The City of Mobile acknowledges in its brief that Ex parte Hilburn states that a judge “shall enter an order dismissing the appeal,” but contends that a prerequisite to the dismissal is that all costs and fines imposed by the Mobile municipal court must first be tendered. The City argues that the record does not indicate that Gormandy tendered payment of the costs and fines imposed by the municipal court when he sought to dismiss his appeal, and, therefore, it argues, the circuit court correctly denied Gormandy's motion to withdraw his appeal. “Where the appellant fails to include pertinent portions of the proceeding in the record on appeal, this court may not presume a fact not shown by the record and make it a ground for reversal.” Carden v. State, 621 So.2d 342, 345 (Ala.Crim.App.1992). It is the appellant's duty to provide this court with a complete record on appeal, and we will not predicate error on a silent record. See Wilson v. State, 727 So.2d 869 (Ala.Crim.App.1998). We cannot determine from the record whether Gormandy has tendered his payment of the costs and fines imposed by the municipal court; therefore, we remand this case to the circuit court to make findings of fact as to whether the costs were tendered.

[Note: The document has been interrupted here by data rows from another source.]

lemma upper_envelope_majorant:
  assumes x: "x \<in> K"
  shows "0 < measure \<nu> (ball x (2*r)) \<and> measure \<nu> (ball x (2*r)) powr (q-1) \<le> upper_envelope x"
proof -
  let ?\<nu>x = "measure \<nu> (ball x (2*r))"
  have \<nu>x: "m/2 \<le> ?\<nu>x" using ball_mass_transfer(1)[of x x] m(2)[OF x] r by simp
  have le_cap: "?\<nu>x powr (q-1) \<le> cap"
    unfolding cap_def using q m(1) \<nu>x by (intro powr_mono2') auto
  have "?\<nu>x powr (q-1) \<le> 2 powr (1-q) * measure \<mu> (ball p r) powr (q-1) + slope * dist x p"
    if p: "p \<in> S" for p
  proof (cases "dist x p < r/2")
    case True
    have "m \<le> measure \<mu> (ball p r)" using m(2) p S(2) by auto
    then have "measure \<mu> (ball p r) / 2 \<le> ?\<nu>x" using ball_mass_transfer(1)[OF True] by linarith
    then have "?\<nu>x powr (q-1) \<le> (measure \<mu> (ball p r) / 2) powr (q-1)"
      using q m(1) \<open>m \<le> measure \<mu> (ball p r)\<close> by (intro powr_mono2') auto
    also have "\<dots> = 2 powr (1-q) * measure \<mu> (ball p r) powr (q-1)"
      by (simp add: powr_divide powr_minus_divide[of 2 "q-1", simplified] field_simps)
    finally show ?thesis using slope_nonneg by (simp add: add_increasing2)
  next
    case False
    then have "cap \<le> slope * dist x p" by (intro cap_le_slope_dist) simp
    then show ?thesis using le_cap by (simp add: add_increasing)
  qed
  then show ?thesis
    using \<nu>x m(1) le_cap S(1) S_nonempty by (simp add: upper_envelope_def)
qed

lemma I_mu_double_radius_le: "I_mu K \<nu> (2*r) q \<le> ennreal (2 powr (2-q)) * I_mu K \<mu> r q"
proof -
  define I where "I = (\<Sum>p\<in>S. measure \<mu> (ball p r) powr (q-1) * measure \<mu> {p})"
  have pos: "\<forall>p\<in>S. 0 < measure \<mu> (ball p r)" using m S(2) by (meson less_le_trans subsetD)
  have I_ge_1: "1 \<le> I" unfolding I_def using one_le_ball_mass_sum[OF \<mu> S(1,3) pos] q by simp
  have "I_mu K \<nu> (2*r) q \<le> ennreal (\<integral>x\<in>K. upper_envelope x \<partial>\<nu>)"
    by (rule I_mu_le_set_integral[OF \<nu> compact_K lipschitz_on_continuous_on[OF upper_envelope_lipschitz]])
      (use upper_envelope_bounds upper_envelope_majorant in auto)
  also have "\<dots> \<le> ennreal (2 powr (2-q) * I)"
  proof (rule ennreal_leI)
    have "(\<Sum>p\<in>S. upper_envelope p * measure \<mu> {p}) \<le> 2 powr (1-q) * I"
      unfolding I_def sum_distrib_left
      using mult_right_mono[OF upper_envelope_atom measure_nonneg] by (intro sum_mono) (simp add: mult.assoc)
    moreover have "(\<integral>x\<in>K. upper_envelope x \<partial>\<nu>) \<le> (\<Sum>p\<in>S. upper_envelope p * measure \<mu> {p}) + 2 powr (q-2)"
      using test_function_bound[OF upper_envelope_lipschitz] upper_envelope_bounds by (simp add: abs_le_iff)
    moreover have "2 powr (q-2) \<le> 1" "1 \<le> 2 powr (1-q)" "2 powr (2-q) * I = 2 * (2 powr (1-q) * I)"
      using q powr_mono[of "q-2" 0 2] powr_mono[of 0 "1-q" 2] powr_add[of 2 1 "1-q"] by simp_all
    moreover have "I \<le> 2 powr (1-q) * I" using calculation(4) I_ge_1 by (simp add: mult_le_cancel_right1)
    ultimately show "(\<integral>x\<in>K. upper_envelope x \<partial>\<nu>) \<le> 2 powr (2-q) * I" using I_ge_1 by linarith
  qed
  also have "\<dots> = ennreal (2 powr (2-q)) * I_mu K \<mu> r q"
    using I_mu_finite_support[OF \<mu> S pos] I_ge_1 by (simp add: I_def ennreal_mult)
  finally show ?thesis .
qed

This cause is remanded to the circuit court for findings of fact regarding the tender of payment of municipal court fines and costs. A return to remand should be filed within 21 days of the release of this opinion.
REMANDED WITH INSTRUCTIONS.*
FOOTNOTE. Note from the reporter of decisions: On December 14, 2001, on return to remand, the Court of Criminal Appeals affirmed, without opinion. On January 11, 2002, that court denied rehearing, without opinion. On March 29, 2002, the Supreme Court denied certiorari review, without opinion (1010871).
McMILLAN, P.J., and SHAW and WISE, JJ., concur. BASCHAB, J., concurs in the result.